Antioch, March 18th, 2012

Fronted by a new singer, Autumn unleashed their fourth studio album, which they regarded as "a logical progression" from its predecessor. Personally, I cannot tell for sure whether Altitude was a progression from My New Time or a complete transformation of the band’s sound, but I am quite convinced the move was not a logical one. Nobody – not even the most avid or optimistic of fans – could have possibly foreseen the heights Autumn attained in Altitude. If truth be told, I had never expected much of Autumn, nor had I thought the day would ever come when I would survive a single listen to an entire Autumn record without getting bored, let alone have it played nonstop for hours on end. Therefore, I have to admit I had overlooked Autumn’s potential and had doubted their musical vision which had seemed to be drifting into more pop grounds; however, Altitude proved me, as it did myriads of other sceptics, confessedly wrong.

Autumn have advanced considerably throughout their career, especially in the song-writing department: the music on Altitude is better-thought-of and much richer than anything they had ever done. Yet, despite their diversity and the various elements incorporated into each, the songs have an incredibly smooth flow, which makes Altitude an endlessly enchanting listen. Autumn feel at ease playing the heavier up-tempo songs as well as the softer slower ones without affecting the uniformity of the album even when such opposites are played in succession as are “Sulphur Rodents” and “Horizon Line”. Moreover, Marjan’s voice does not falter as it straddles such dividing lines: it neither sinks underneath the other instruments during stormy weather nor fails to float peacefully when the calm comes afterwards. It has certain warmth which Nienke’s voice lacked – that’s why Autumn sounds more genial than before, particularly to those who found Nienke’s voice quite cold and uninviting.

Stylistically, comparisons can be made between Altitude and The Gathering’s Home, especially when Autumn's music is at its serenest, as in the title track, “A Minor Dance” and "Synchro-Minds", which is the most atmospheric of all three. Autumn are, nevertheless, groovier and less atmospheric in nature, which gives their sound an identity different to that of their legendary natives. "We set out to write music that captures our hearts or imagination, not necessarily songs that fit a typical format," Jens van der Valk, the band’s guitarist, states. Accordingly, it is actually harsh to classify Altitude as gothic metal since the range of influences Autumn bring to the table is evidently broad. The Camel-influenced tunes, for example, are masterfully employed in songs like “Horizon Line”, as are the prog rock elements, which endow this record with such a peculiar elegance. Thus, Altitude is definitely not a mediocre release whose scope is narrowed down to the basics of a genre.
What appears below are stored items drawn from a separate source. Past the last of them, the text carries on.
lemma fact_majorant_mult:
  assumes "i \<le> n"
  shows "fact_majorant K \<mu> a p i * fact_majorant K \<mu> a p (n - i)
           = K\<^sup>2 * \<mu> ^ n * (fact (i + p) * fact (n - i + p)) ^ a"
proof -
  have "\<mu> ^ i * \<mu> ^ (n - i) = \<mu> ^ n"
    using assms by (simp add: power_add[symmetric])
  moreover have "fact_majorant K \<mu> a p i * fact_majorant K \<mu> a p (n - i)
      = K\<^sup>2 * (\<mu> ^ i * \<mu> ^ (n - i)) * (fact (i + p) ^ a * fact (n - i + p) ^ a)"
    unfolding fact_majorant_def power2_eq_square by (simp only: mult_ac)
  ultimately show ?thesis by (simp add: power_mult_distrib)
qed

lemma sum_atMost_le_if_eventually_doubling:
  fixes u :: "nat \<Rightarrow> real"
  assumes pos: "\<And>y. u y > 0" and doubling: "\<And>y. y \<ge> m \<Longrightarrow> 2 * u y \<le> u (Suc y)"
  shows "\<exists>C>0. \<forall>Y. (\<Sum>y\<le>Y. u y) \<le> C * u Y"
proof -
  define C where "C = 2 + (\<Sum>Y\<le>m. (\<Sum>y\<le>Y. u y) / u Y)"
  have ratio_nonneg: "0 \<le> (\<Sum>y\<le>Y. u y) / u Y" for Y
    using pos by (intro divide_nonneg_pos sum_nonneg) (auto intro: less_imp_le)
  have C: "C \<ge> 2"
    unfolding C_def using ratio_nonneg by (intro add_increasing2 sum_nonneg) auto
  have initial: "(\<Sum>y\<le>Y. u y) \<le> C * u Y" if "Y \<le> m" for Y
  proof -
    have "(\<Sum>y\<le>Y. u y) / u Y \<le> (\<Sum>Y\<le>m. (\<Sum>y\<le>Y. u y) / u Y)"
      using ratio_nonneg that by (intro member_le_sum) auto
    then have "(\<Sum>y\<le>Y. u y) / u Y \<le> C" unfolding C_def by linarith
    then show ?thesis using pos[of Y] by (simp add: divide_le_eq)
  qed
  have "(\<Sum>y\<le>Y. u y) \<le> C * u Y" for Y
  proof (induction Y)
    case 0
    then show ?case by (rule initial) simp
  next
    case (Suc Y)
    show ?case
    proof (cases "Suc Y \<le> m")
      case True
      then show ?thesis by (rule initial)
    next
      case False
      then have "C * u Y \<le> (C/2) * u (Suc Y)"
        using doubling[of Y] C by (simp add: field_simps)
      then have "(\<Sum>y\<le>Suc Y. u y) \<le> (C/2) * u (Suc Y) + u (Suc Y)"
        using Suc.IH by simp
      also have "\<dots> \<le> C * u (Suc Y)"
        using C pos[of "Suc Y"] by (simp add: field_simps)
      finally show ?thesis .
    qed
  qed
  then show ?thesis using C by (intro exI[of _ C]) auto
qed

text \<open>Factorial growth beats every geometric rate \<open>c\<close>, so the sequence
  \<open>fact_majorant K \<mu> a p i / c ^ i\<close> is eventually doubling.\<close>
lemma fact_majorant_div_power_sum_le:
  assumes K: "K > 0" and \<mu>: "\<mu> > 0" and c: "c > 0" and a: "a \<ge> 1"
  shows "\<exists>C>0. \<forall>n (S::nat set) e. finite S \<longrightarrow> inj_on e S \<longrightarrow> (\<forall>x\<in>S. e x \<le> n) \<longrightarrow>
            (\<Sum>x\<in>S. fact_majorant K \<mu> a p (e x) / c ^ e x) \<le> C * (fact_majorant K \<mu> a p n / c ^ n)"
proof -
  define u where "u y = fact_majorant K \<mu> a p y / c ^ y" for y
  have u_pos: "u y > 0" for y
    unfolding u_def using fact_majorant_pos[OF K \<mu>] c by simp
  have "2 * u y \<le> u (Suc y)" if y: "y \<ge> nat \<lceil>2 * c / \<mu>\<rceil>" for y
  proof -
    have "2 * c / \<mu> \<le> real y" using y by linarith
    then have "2 * c \<le> \<mu> * real (Suc y)" using \<mu> by (simp add: field_simps)
    also have "real (Suc y) \<le> real (Suc y + p) ^ a"
      using a by (intro order_trans[OF _ self_le_power]) auto
    finally have "2 * c \<le> \<mu> * real (Suc y + p) ^ a"
      using \<mu> by (simp add: mult_left_mono order_trans)
    then have "(fact_majorant K \<mu> a p y / c ^ Suc y) * (2 * c)
               \<le> (fact_majorant K \<mu> a p y / c ^ Suc y) * (\<mu> * real (Suc y + p) ^ a)"
      using fact_majorant_pos[OF K \<mu>, of a p y] c by (intro mult_left_mono) auto
    then show ?thesis
      unfolding u_def fact_majorant_Suc using c by (simp add: field_simps)
  qed
  then obtain C where C: "C > 0" "\<And>Y. (\<Sum>y\<le>Y. u y) \<le> C * u Y"
    using sum_atMost_le_if_eventually_doubling[of u] u_pos by blast
  have "(\<Sum>x\<in>S. u (e x)) \<le> C * u n"
    if "finite S" "inj_on e S" "\<forall>x\<in>S. e x \<le> n" for n S e
  proof -
    have "(\<Sum>x\<in>S. u (e x)) = (\<Sum>y\<in>e ` S. u y)"
      using that by (simp add: sum.reindex)
    also have "\<dots> \<le> (\<Sum>y\<le>n. u y)"
      using that u_pos by (intro sum_mono2) (auto intro: less_imp_le)
    finally show ?thesis using C(2)[of n] by linarith
  qed
  then show ?thesis using C(1) unfolding u_def by blast
qed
All in all, Altitude marked a radical step forward – or upward as it were – and demonstrated the development the band’s sound had undergone. On the one hand, the music is lavish, opulent and multi-dimensional; on the other hand, the band’s imagination is proven fertile: their vision transcendental. Thus, the songs are more than just an employment of random elements and influences; they are an evolvement of those elements into a unique sound that is Autumn’s own. Hence, it is worthy to note that the fundamental change in Autumn’s music on Altitude is not solely "one of voice", yet one that has to do with their sound altogether—even though Marjan’s voice was the trigger the band pulled to fire eleven of their most musically-shattering bullets thitherto.